After high school, I all but left D&D behind. I was too busy with the real world. But then I found myself employed as a tech monkey and I was pretty bored. Fortunately, the folks I worked with played something called Ultima Online. This was one of the first big internet games, in terms of numbers. There were other internet games previously, like Bolo and such, but this game drew an enormous audience (about 100,000 in the first half-year. Pretty amazing when the internet was really only about 3 years into its initial mainstream popularity.

I found myself addicted to Ultima Online. It was just like Dungeons and Dragons, except way less effort. All the areas were three-dimensional, the monsters as ugly as I imagined them back in the late 70s, the comradery as dedicated.

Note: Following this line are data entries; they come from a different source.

text \<open>Take \<open>\<nu>(z) = \<Psi>(\<lambda>(z)) exp(-\<Sum>\<^sub>i z\<^sub>i\<^sup>P)\<close>, whose zeros are those of \<open>\<Psi> \<circ> \<lambda>\<close>.
Since \<open>\<lambda>\<close> grows polynomially and \<open>\<Psi>\<close> has finite order, \<open>|\<Psi>(\<lambda>(z))| \<le> C exp(A (1 + \<parallel>z\<parallel>)\<^sup>N)\<close>.
If \<open>4 | P\<close> then \<open>(i y)\<^sup>P = y\<^sup>P\<close>, so on a vertical strip \<open>|Re z| < M\<close> one has
\<open>Re z\<^sub>k\<^sup>P \<ge> (Im z\<^sub>k)\<^sup>P - P M (|Im z\<^sub>k| + M)\<^sup>P\<^sup>-\<^sup>1\<close>. With \<open>t = max\<^sub>k |Im z\<^sub>k|\<close> the exponent
\<open>A (1 + \<parallel>z\<parallel>)\<^sup>N - Re \<Sum>\<^sub>k z\<^sub>k\<^sup>P\<close> is then at most \<open>A' (1 + M + t)\<^sup>P\<^sup>-\<^sup>1 - t\<^sup>P\<close> for a constant \<open>A'\<close>,
which is bounded above in \<open>t \<ge> 0\<close> once \<open>P > N\<close>: so \<open>\<nu>\<close> is even bounded on every vertical strip.\<close>

lemma holomorphic_CnE:
  assumes "holomorphic_Cn f"
  obtains D where "(f has_derivative D) (at z)" "\<And>c v. D (c *s v) = c * D v"
  using assms unfolding holomorphic_Cn_def by blast

lemma holomorphic_Cn_const: "holomorphic_Cn (\<lambda>z. c)"
  unfolding holomorphic_Cn_def by (auto intro!: exI[of _ "\<lambda>v. 0"])

lemma holomorphic_Cn_nth: "holomorphic_Cn (\<lambda>z. z $ i)"
  unfolding holomorphic_Cn_def
  by (auto intro!: exI[of _ "\<lambda>v. v $ i"] bounded_linear.has_derivative[OF bounded_linear_vec_nth])

lemma holomorphic_Cn_add:
  assumes "holomorphic_Cn p" "holomorphic_Cn q"
  shows "holomorphic_Cn (\<lambda>z. p z + q z)"
  unfolding holomorphic_Cn_def
proof
  fix z
  obtain Dp Dq where "(p has_derivative Dp) (at z)" "(q has_derivative Dq) (at z)"
    and "\<And>c v. Dp (c *s v) = c * Dp v" "\<And>c v. Dq (c *s v) = c * Dq v"
    using assms by (metis holomorphic_CnE)
  then show "\<exists>D. ((\<lambda>z. p z + q z) has_derivative D) (at z) \<and> (\<forall>(c::complex) v. D (c *s v) = c * D v)"
    by (intro exI[of _ "\<lambda>v. Dp v + Dq v"]) (auto intro: has_derivative_add simp: distrib_left)
qed

lemma holomorphic_Cn_mult:
  assumes "holomorphic_Cn p" "holomorphic_Cn q"
  shows "holomorphic_Cn (\<lambda>z. p z * q z)"
  unfolding holomorphic_Cn_def
proof
  fix z
  obtain Dp Dq where "(p has_derivative Dp) (at z)" "(q has_derivative Dq) (at z)"
    and "\<And>c v. Dp (c *s v) = c * Dp v" "\<And>c v. Dq (c *s v) = c * Dq v"
    using assms by (metis holomorphic_CnE)
  then show "\<exists>D. ((\<lambda>z. p z * q z) has_derivative D) (at z) \<and> (\<forall>(c::complex) v. D (c *s v) = c * D v)"
    by (intro exI[of _ "\<lambda>v. p z * Dq v + Dp v * q z"] conjI has_derivative_mult)
      (auto simp: algebra_simps)
qed

lemma holomorphic_Cn_compose:
  assumes "h holomorphic_on UNIV" "holomorphic_Cn f"
  shows "holomorphic_Cn (\<lambda>z. h (f z))"
  unfolding holomorphic_Cn_def
proof
  fix z
  obtain D where D: "(f has_derivative D) (at z)" "\<And>c v. D (c *s v) = c * D v"
    using assms(2) by (metis holomorphic_CnE)
  have "h field_differentiable at (f z)"
    using assms(1) holomorphic_on_imp_differentiable_at by blast
  then obtain h' where "(h has_derivative (*) h') (at (f z))"
    unfolding field_differentiable_def using has_field_derivative_imp_has_derivative by blast
  with D show "\<exists>D. ((\<lambda>z. h (f z)) has_derivative D) (at z) \<and> (\<forall>(c::complex) v. D (c *s v) = c * D v)"
    by (intro exI[of _ "\<lambda>v. h' * D v"]) (auto intro: has_derivative_compose simp: algebra_simps)
qed

lemma poly_fun_Cn_imp_holomorphic_Cn: "poly_fun_Cn p \<Longrightarrow> holomorphic_Cn p"
  by (induction rule: poly_fun_Cn.induct)
    (auto intro: holomorphic_Cn_const holomorphic_Cn_nth holomorphic_Cn_add holomorphic_Cn_mult)

lemma poly_fun_Cn_power: "poly_fun_Cn p \<Longrightarrow> poly_fun_Cn (\<lambda>z. p z ^ k)"
  by (induction k) (auto intro: poly_fun_Cn.intros poly_fun_Cn.const[of 1, simplified])

lemma poly_fun_Cn_sum:
  "finite S \<Longrightarrow> (\<And>i. i \<in> S \<Longrightarrow> poly_fun_Cn (f i)) \<Longrightarrow> poly_fun_Cn (\<lambda>z. \<Sum>i\<in>S. f i z)"
  by (induction S rule: finite_induct) (auto intro: poly_fun_Cn.intros poly_fun_Cn.const[of 0, simplified])

lemma poly_fun_Cn_polynomial_growth:
  fixes p :: "complex^'n \<Rightarrow> complex"
  shows "poly_fun_Cn p \<Longrightarrow> \<exists>K d. K \<ge> 0 \<and> (\<forall>z. norm (p z) \<le> K * (1 + norm z) ^ d)"
proof (induction rule: poly_fun_Cn.induct)
  case (const c)
  show ?case by (intro exI[of _ "norm c"] exI[of _ 0]) auto
next
  case (coord i)
  have "norm (z $ i) \<le> 1 * (1 + norm z) ^ 1" for z
    using Finite_Cartesian_Product.norm_nth_le[of z i] by simp
  then show ?case by (metis zero_le_one)
next
  case (add p q)
  then obtain Kp dp Kq dq where "Kp \<ge> 0" "\<And>z. norm (p z) \<le> Kp * (1 + norm z) ^ dp"
    and "Kq \<ge> 0" "\<And>z. norm (q z) \<le> Kq * (1 + norm z) ^ dq" by blast
  moreover have "(1 + norm z) ^ a \<le> (1 + norm z) ^ max dp dq" if "a \<in> {dp, dq}" for z :: "complex^'n" and a
    using that by (intro power_increasing) auto
  ultimately have "norm (p z + q z) \<le> (Kp + Kq) * (1 + norm z) ^ max dp dq" for z
    by (smt (verit, best) insertI1 insertI2 distrib_right mult_left_mono norm_triangle_ineq)
  then show ?case using \<open>Kp \<ge> 0\<close> \<open>Kq \<ge> 0\<close> by (metis add_nonneg_nonneg)
next
  case (mult p q)
  then obtain Kp dp Kq dq where "Kp \<ge> 0" "\<And>z. norm (p z) \<le> Kp * (1 + norm z) ^ dp"
    and "Kq \<ge> 0" "\<And>z. norm (q z) \<le> Kq * (1 + norm z) ^ dq" by blast
  then have "norm (p z * q z) \<le> (Kp * (1 + norm z) ^ dp) * (Kq * (1 + norm z) ^ dq)" for z
    unfolding norm_mult by (intro mult_mono) auto
  then have "norm (p z * q z) \<le> (Kp * Kq) * (1 + norm z) ^ (dp + dq)" for z
    by (simp add: power_add mult_ac)
  then show ?case using \<open>Kp \<ge> 0\<close> \<open>Kq \<ge> 0\<close> by (metis zero_le_mult_iff)
qed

Years past, and I found myself here, as a housewife with very little time on my hands. However, when I do have time on my hands, being idle is not for me. So one day, whilst kvetching to my brother, Dave, about my boredom, he mentioned World of Warcraft. Again, it was just like D&D. I would be able to build a character, get armor, weapons, go on quests, and kill dangerous, horrific monsters. Sign. Me. Up.

If you've made it this far, you may have a question: Don't monsters have rights? Don't they deserve to live? My response? No, no they don't.

5 Comments:

online games said...

Stu thanx for your shared thoughts on online games- dungeon and warcraft.

Today’s online games feature virtual communities, realistic graphics and multiplayer games where in teens can play in knock out tournaments for cash prizes. It is quite true that the internet is the fastest growing market place in the history of the world but one thing teenagers should know is that that there is an online games sector which is growing 4 times faster than the internet overall.

come up with more info.

Suldog said...

I have the same dichotomy going, in that I am a pacifist, but I adore slapstick comedy, heavy metal, Tom & Jerry cartoons, and other things that would seem too violent for a pacifist to enjoy. The answer is quite easy, actually. I hate REAL violence. Pretend violence is extremely entertaining.

Lori said...

i guess it's a guy thing - cause to me real or pretend - violence sucks. but hey i believe live and let live- so onward through the haze.

cherylann said...

My husband actually plays on a MUDD, which is like a D&D thing online. He's been at the same site for at least ten years. I could get the address for you if you're interested.